How to run MedGemma 1.5 in Google Colab

by FivePoints - opened Feb 23

•

If this code is not working, check if koboldcpp has a new version at https://github.com/LostRuins/koboldcpp/releases

# https://colab.research.google.com/

# Step 0: Set Google Colab Runtime to "T4"
## click "runtime" in the Google Colab menu,
## click "change runtime type"
## select "T4 GPU" and click Save

# Resources:
## https://research.google/blog/next-generation-medical-image-interpretation-with-medgemma-15-and-medical-speech-to-text-with-medasr/
## https://huggingface.co/unsloth/medgemma-1.5-4b-it-GGUF
## https://github.com/LostRuins/koboldcpp/releases
## https://github.com/LostRuins/koboldcpp/wiki



# Step 1: Check GPU and Download KoboldCPP
print("Checking GPU...")
!nvidia-smi

print("\nDownloading KoboldCPP Linux Binary...")
!wget https://github.com/LostRuins/koboldcpp/releases/download/v1.107.3/koboldcpp-linux-x64 -O koboldcpp
            
# Make the file executable
!chmod +x koboldcpp

print("\nStep 1 Complete: KoboldCPP engine is ready.")

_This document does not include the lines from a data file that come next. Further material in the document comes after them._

section \<open>Frobenius modulo a prime\<close>

lemma add_power_prime_eq:
  fixes a b :: "'a::comm_semiring_1"
  assumes "prime p"
  shows "\<exists>c. (a + b) ^ p = a ^ p + b ^ p + of_nat p * c"
proof -
  define g where "g k = of_nat (p choose k) * a ^ k * b ^ (p - k)" for k
  have "(a + b) ^ p = (\<Sum>k\<le>p. g k)"
    unfolding g_def by (rule binomial_ring)
  also have "\<dots> = g 0 + g p + (\<Sum>k\<in>{1..<p}. g k)"
  proof -
    have "{..p} = insert 0 (insert p {1..<p})" using prime_gt_0_nat[OF assms] by auto
    then show ?thesis using prime_gt_0_nat[OF assms] by (simp add: add.assoc)
  qed
  also have "(\<Sum>k\<in>{1..<p}. g k)
      = of_nat p * (\<Sum>k\<in>{1..<p}. of_nat ((p choose k) div p) * a ^ k * b ^ (p - k))"
    unfolding sum_distrib_left
  proof (rule sum.cong)
    fix k assume "k \<in> {1..<p}"
    then have "p dvd (p choose k)" using dvd_choose_prime[of k p] assms by auto
    then have "of_nat (p choose k) = (of_nat p * of_nat ((p choose k) div p) :: 'a)"
      by (metis dvd_mult_div_cancel of_nat_mult)
    then show "g k = of_nat p * (of_nat ((p choose k) div p) * a ^ k * b ^ (p - k))"
      unfolding g_def by (simp add: mult.assoc)
  qed simp
  also have "g 0 + g p = b ^ p + a ^ p"
    unfolding g_def by simp
  finally show ?thesis by (metis add.commute)
qed

lemma cong_mod2_add_power_prime:
  "prime p \<Longrightarrow> cong_mod2 (of_nat p) v ((a + b) ^ p) (a ^ p + b ^ p)"
proof -
  assume "prime p"
  then obtain c where "(a + b) ^ p = a ^ p + b ^ p + of_nat p * c"
    using add_power_prime_eq by blast
  then have "(a + b) ^ p - (a ^ p + b ^ p) = of_nat p * c + v * 0"
    by simp
  then show ?thesis unfolding cong_mod2_def by blast
qed

lemma power_prime_cong_self:
  fixes c :: int
  assumes "prime p"
  shows "[c ^ p = c] (mod int p)"
proof -
  define r where "r = nat (c mod int p)"
  have c_r: "[c = int r] (mod int p)"
    using prime_gt_0_nat[OF assms] by (simp add: r_def cong_def)
  have "[r ^ p = r] (mod p)"
  proof (cases "p dvd r")
    case True
    then have "[r = 0] (mod p)" by (simp add: cong_0_iff)
    then have "[r ^ p = 0 ^ p] (mod p)" by (rule cong_pow)
    then have "[r ^ p = 0] (mod p)" using prime_gt_0_nat[OF assms] by (simp add: power_0_left)
    then show ?thesis using cong_trans cong_sym \<open>[r = 0] (mod p)\<close> by blast
  next
    case False
    then have "[r ^ (p - 1) * r = 1 * r] (mod p)"
      using fermat_theorem[OF assms] cong_scalar_right by blast
    then show ?thesis using prime_gt_0_nat[OF assms] by (simp flip: power_Suc2)
  qed
  then have "[int r ^ p = int r] (mod int p)"
    by (simp flip: cong_int_iff)
  then show ?thesis
    using cong_trans[OF cong_trans[OF cong_pow[OF c_r]] cong_sym[OF c_r]] by blast
qed

lemma cong_mod2_frobenius_quadratic:
  assumes "prime p"
  shows "cong_mod2 (of_nat p) v ((a ^ 2 + of_int c * a + 1) ^ p) ((a ^ p) ^ 2 + of_int c * a ^ p + 1)"
proof -
  have "cong_mod2 (of_nat p) v ((a ^ 2 + of_int c * a + 1) ^ p) ((a ^ 2 + of_int c * a) ^ p + 1 ^ p)"
    by (rule cong_mod2_add_power_prime[OF assms])
  moreover have "cong_mod2 (of_nat p) v ((a ^ 2 + of_int c * a) ^ p + 1 ^ p)
      ((a ^ 2) ^ p + (of_int c * a) ^ p + 1)"
    by (simp add: cong_mod2_add cong_mod2_add_power_prime[OF assms])
  moreover have "cong_mod2 (of_nat p) v ((a ^ 2) ^ p + (of_int c * a) ^ p + 1)
      ((a ^ p) ^ 2 + of_int c * a ^ p + 1)"
  proof -
    have "cong_mod2 (of_int (int p)) v (of_int (c ^ p)) (of_int c)"
      by (rule cong_mod2_of_int[OF power_prime_cong_self[OF assms]])
    then have "cong_mod2 (of_nat p) v (of_int (c ^ p) * a ^ p) (of_int c * a ^ p)"
      using cong_mod2_mult[OF _ cong_mod2_refl] by simp
    moreover have "(a ^ 2) ^ p = (a ^ p) ^ 2"
      by (simp flip: power_mult add: mult.commute)
    ultimately show ?thesis
      by (simp add: cong_mod2_add power_mult_distrib)
  qed
  ultimately show ?thesis
    using cong_mod2_trans by blast
qed

lemma cong_mod2_power_minus_one_factors:
  assumes ab: "cong_mod2 u v (a * b) 1"
    and root: "cong_mod2 u v ((a ^ p) ^ 2 - (a + b) * a ^ p + 1) 0" and "p > 0"
  shows "cong_mod2 u v ((a ^ (p - 1) - 1) * (a ^ (p + 1) - 1)) 0"
proof -
  define s where "s = a ^ p"
  have "cong_mod2 u v ((s - a) * (s - b)) 0"
  proof -
    have "(s - a) * (s - b) = s ^ 2 - (a + b) * s + a * b"
      by (simp add: algebra_simps power2_eq_square)
    moreover have "cong_mod2 u v (s ^ 2 - (a + b) * s + a * b) (s ^ 2 - (a + b) * s + 1)"
      by (intro cong_mod2_add cong_mod2_refl ab)
    ultimately show ?thesis
      using root cong_mod2_trans unfolding s_def by simp
  qed
  then have "cong_mod2 u v ((a * b) * ((s - a) * (s - b))) 0"
    using cong_mod2_mult_left by fastforce
  moreover have "(a * b) * ((s - a) * (s - b)) = (a * b) * (a ^ (p - 1) - 1) * (a ^ (p + 1) - a * b)"
    using \<open>p > 0\<close> by (cases p) (simp_all add: s_def algebra_simps)
  moreover have "cong_mod2 u v ((a * b) * (a ^ (p - 1) - 1) * (a ^ (p + 1) - a * b))
      (1 * (a ^ (p - 1) - 1) * (a ^ (p + 1) - 1))"
    by (intro cong_mod2_mult cong_mod2_diff cong_mod2_refl ab)
  ultimately show ?thesis
    using cong_mod2_sym cong_mod2_trans by fastforce
qed

lemma cong_mod2_power_prime_square_minus_one:
  assumes p: "cong_mod2 u v (of_nat p) 0"
    and factors: "cong_mod2 u v ((a ^ (p - 1) - 1) * (a ^ (p + 1) - 1)) 0"
  shows "cong_mod2 u v (a ^ ((p ^ 2 - 1) * p)) 1"
proof -
  define d where "d = a ^ ((p - 1) * (p + 1)) - 1"
  have "(a ^ (p - 1) - 1) dvd d" "(a ^ (p + 1) - 1) dvd d"
    unfolding d_def power_mult
    by (metis dvdI power_diff_1_eq, metis dvdI mult.commute power_diff_1_eq power_mult)
  then have "(a ^ (p - 1) - 1) * (a ^ (p + 1) - 1) dvd d ^ 2"
    by (simp add: power2_eq_square mult_dvd_mono)
  then have "cong_mod2 u v (d ^ 2) 0"
    using cong_mod2_zero_dvd[OF factors] by blast
  then have "cong_mod2 u v ((1 + d) ^ p) (1 + of_nat p * d)"
    by (rule cong_mod2_one_plus_power)
  moreover have "cong_mod2 u v (1 + of_nat p * d) (1 + 0 * d)"
    by (intro cong_mod2_add cong_mod2_mult p cong_mod2_refl)
  moreover have "1 + d = a ^ ((p ^ 2 - 1))"
    by (simp add: d_def algebra_simps power2_eq_square)
  ultimately show ?thesis
    using cong_mod2_trans by (fastforce simp: power_mult)
qed

section \<open>Chebyshev values as power sums of the roots\<close>

lemma cong_mod2_monic_of_int:
  fixes f :: "int poly"
  assumes monic: "lead_coeff f = 1" and deg: "degree f > 0"
    and cong: "cong_mod2 (of_int M) f (of_int c) (of_int d)"
  shows "[c = d] (mod M)"
proof -
  obtain A B where AB: "of_int (c - d) = of_int M * A + f * B"
    using cong unfolding cong_mod2_def by auto
  \<comment> \<open>Reduce B coefficientwise modulo M (for M = 0 this does nothing). Since f is monic, a
    nonzero remainder R would give f * R a leading coefficient in positive degree that M does
    not divide.\<close>
  define R where "R = map_poly (\<lambda>a. a mod M) B"
  define Q where "Q = map_poly (\<lambda>a. a div M) B"
  have "B = of_int M * Q + R"
    by (rule poly_eqI) (simp add: R_def Q_def coeff_map_poly of_int_poly)
  then have fR: "f * R = of_int (c - d) - of_int M * (A + f * Q)"
    using AB by (simp add: algebra_simps)
  have "R = 0"
  proof (rule ccontr)
    assume "R \<noteq> 0"
    define e where "e = degree (f * R)"
    have "f \<noteq> 0" using monic by auto
    then have "e > 0" using deg \<open>R \<noteq> 0\<close> by (simp add: e_def degree_mult_eq)
    then have "M dvd Polynomial.coeff (f * R) e"
      by (simp add: fR of_int_poly coeff_pCons split: nat.split)
    moreover have "Polynomial.coeff (f * R) e = Polynomial.coeff B (degree R) mod M"
      using monic by (simp add: e_def lead_coeff_mult R_def coeff_map_poly)
    moreover have "Polynomial.coeff B (degree R) mod M \<noteq> 0"
    proof -
      have "Polynomial.coeff R (degree R) \<noteq> 0" using \<open>R \<noteq> 0\<close> by simp
      then show ?thesis by (simp add: R_def coeff_map_poly)
    qed
    ultimately show False by (metis dvd_imp_mod_0 mod_mod_trivial)
  qed
  then have "c - d = M * Polynomial.coeff (A + f * Q) 0"
    using arg_cong[OF fR, of "\<lambda>P. Polynomial.coeff P 0"] by (simp add: of_int_poly)
  then show ?thesis by (simp add: cong_iff_dvd_diff)
qed

lemma cong_mod2_power_sum_cheb:
  assumes sum: "cong_mod2 u v (a + b) (of_int (2 * y))" and prod: "cong_mod2 u v (a * b) 1"
  shows "cong_mod2 u v (a ^ m + b ^ m) (of_int (2 * cheb m y))"
proof (induction m rule: induct_nat_012)
  case (ge2 m)
  have "a ^ Suc (Suc m) + b ^ Suc (Suc m)
      = (a + b) * (a ^ Suc m + b ^ Suc m) - (a * b) * (a ^ m + b ^ m)"
    by (simp add: algebra_simps)
  moreover have "cong_mod2 u v ((a + b) * (a ^ Suc m + b ^ Suc m) - (a * b) * (a ^ m + b ^ m))
      (of_int (2 * y) * of_int (2 * cheb (Suc m) y) - 1 * of_int (2 * cheb m y))"
    by (intro cong_mod2_diff cong_mod2_mult sum prod ge2)
  ultimately show ?case by (simp add: algebra_simps)
qed (use sum in simp_all)

definition cheb_charpoly :: "int \<Rightarrow> int poly" where
  "cheb_charpoly x = [:1, -2 * x, 1:]"

abbreviation cheb_cong :: "int \<Rightarrow> int \<Rightarrow> int poly \<Rightarrow> int poly \<Rightarrow> bool" where
  "cheb_cong M x \<equiv> cong_mod2 (of_int M) (cheb_charpoly x)"

lemma cheb_cong_of_int_iff: "cheb_cong M x (of_int c) (of_int d) \<longleftrightarrow> [c = d] (mod M)"
  using cong_mod2_monic_of_int[of "cheb_charpoly x"] cong_mod2_of_int
  by (auto simp: cheb_charpoly_def)

lemma cheb_roots_sum: "[:0, 1:] + [:2 * x, -1:] = (of_int (2 * x) :: int poly)"
  by (simp add: of_int_poly)

lemma cheb_roots_prod: "cheb_cong M x ([:0, 1:] * [:2 * x, -1:]) 1"
proof -
  have "[:0, 1:] * [:2 * x, -1:] - 1 = of_int M * 0 + cheb_charpoly x * (-1)"
    by (simp add: cheb_charpoly_def one_pCons)
  then show ?thesis unfolding cong_mod2_def by blast
qed

lemma cheb_cong_power_sum:
  "cheb_cong M x ([:0, 1:] ^ m + [:2 * x, -1:] ^ m) (of_int (2 * cheb m x))"
  by (rule cong_mod2_power_sum_cheb[OF _ cheb_roots_prod]) (simp only: cheb_roots_sum cong_mod2_refl)

lemma cheb_mult: "cheb a (cheb b x) = cheb (a * b) x"
proof -
  \<comment> \<open>t^b and t'^b have sum 2 T_b(x) and product 1, so their a-th power sum is 2 T_a(T_b(x)).\<close>
  let ?t = "[:0, 1:] :: int poly" and ?t' = "[:2 * x, -1:]"
  have "cheb_cong 0 x ((?t ^ b) ^ a + (?t' ^ b) ^ a) (of_int (2 * cheb a (cheb b x)))"
  proof (rule cong_mod2_power_sum_cheb)
    show "cheb_cong 0 x (?t ^ b + ?t' ^ b) (of_int (2 * cheb b x))"
      by (rule cheb_cong_power_sum)
    show "cheb_cong 0 x (?t ^ b * ?t' ^ b) 1"
      using cong_mod2_power[OF cheb_roots_prod, of 0 x b] by (simp only: power_mult_distrib power_one)
  qed
  moreover have "(?t ^ b) ^ a + (?t' ^ b) ^ a = ?t ^ (a * b) + ?t' ^ (a * b)"
    by (simp flip: power_mult add: mult.commute)
  ultimately have "cheb_cong 0 x (of_int (2 * cheb a (cheb b x))) (?t ^ (a * b) + ?t' ^ (a * b))"
    using cong_mod2_sym by simp
  then have "cheb_cong 0 x (of_int (2 * cheb a (cheb b x))) (of_int (2 * cheb (a * b) x))"
    using cheb_cong_power_sum cong_mod2_trans by blast
  then show ?thesis by (simp only: cheb_cong_of_int_iff cong_0)
qed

# Step 2: Download MedGemma 1.5 4B (Q8_0) and Vision Projector
print("Downloading MedGemma 1.5 4B IT (Q8_0)...")
model_url = "https://huggingface.co/unsloth/medgemma-1.5-4b-it-GGUF/resolve/main/medgemma-1.5-4b-it-Q8_0.gguf"
!wget {model_url} -O medgemma-model.gguf

print("\nDownloading Vision Projector (mmproj)...")
vision_url = "https://huggingface.co/unsloth/medgemma-1.5-4b-it-GGUF/resolve/main/mmproj-BF16.gguf"
!wget {vision_url} -O medgemma-vision.gguf

print("\nStep 2 Complete: All model files downloaded.")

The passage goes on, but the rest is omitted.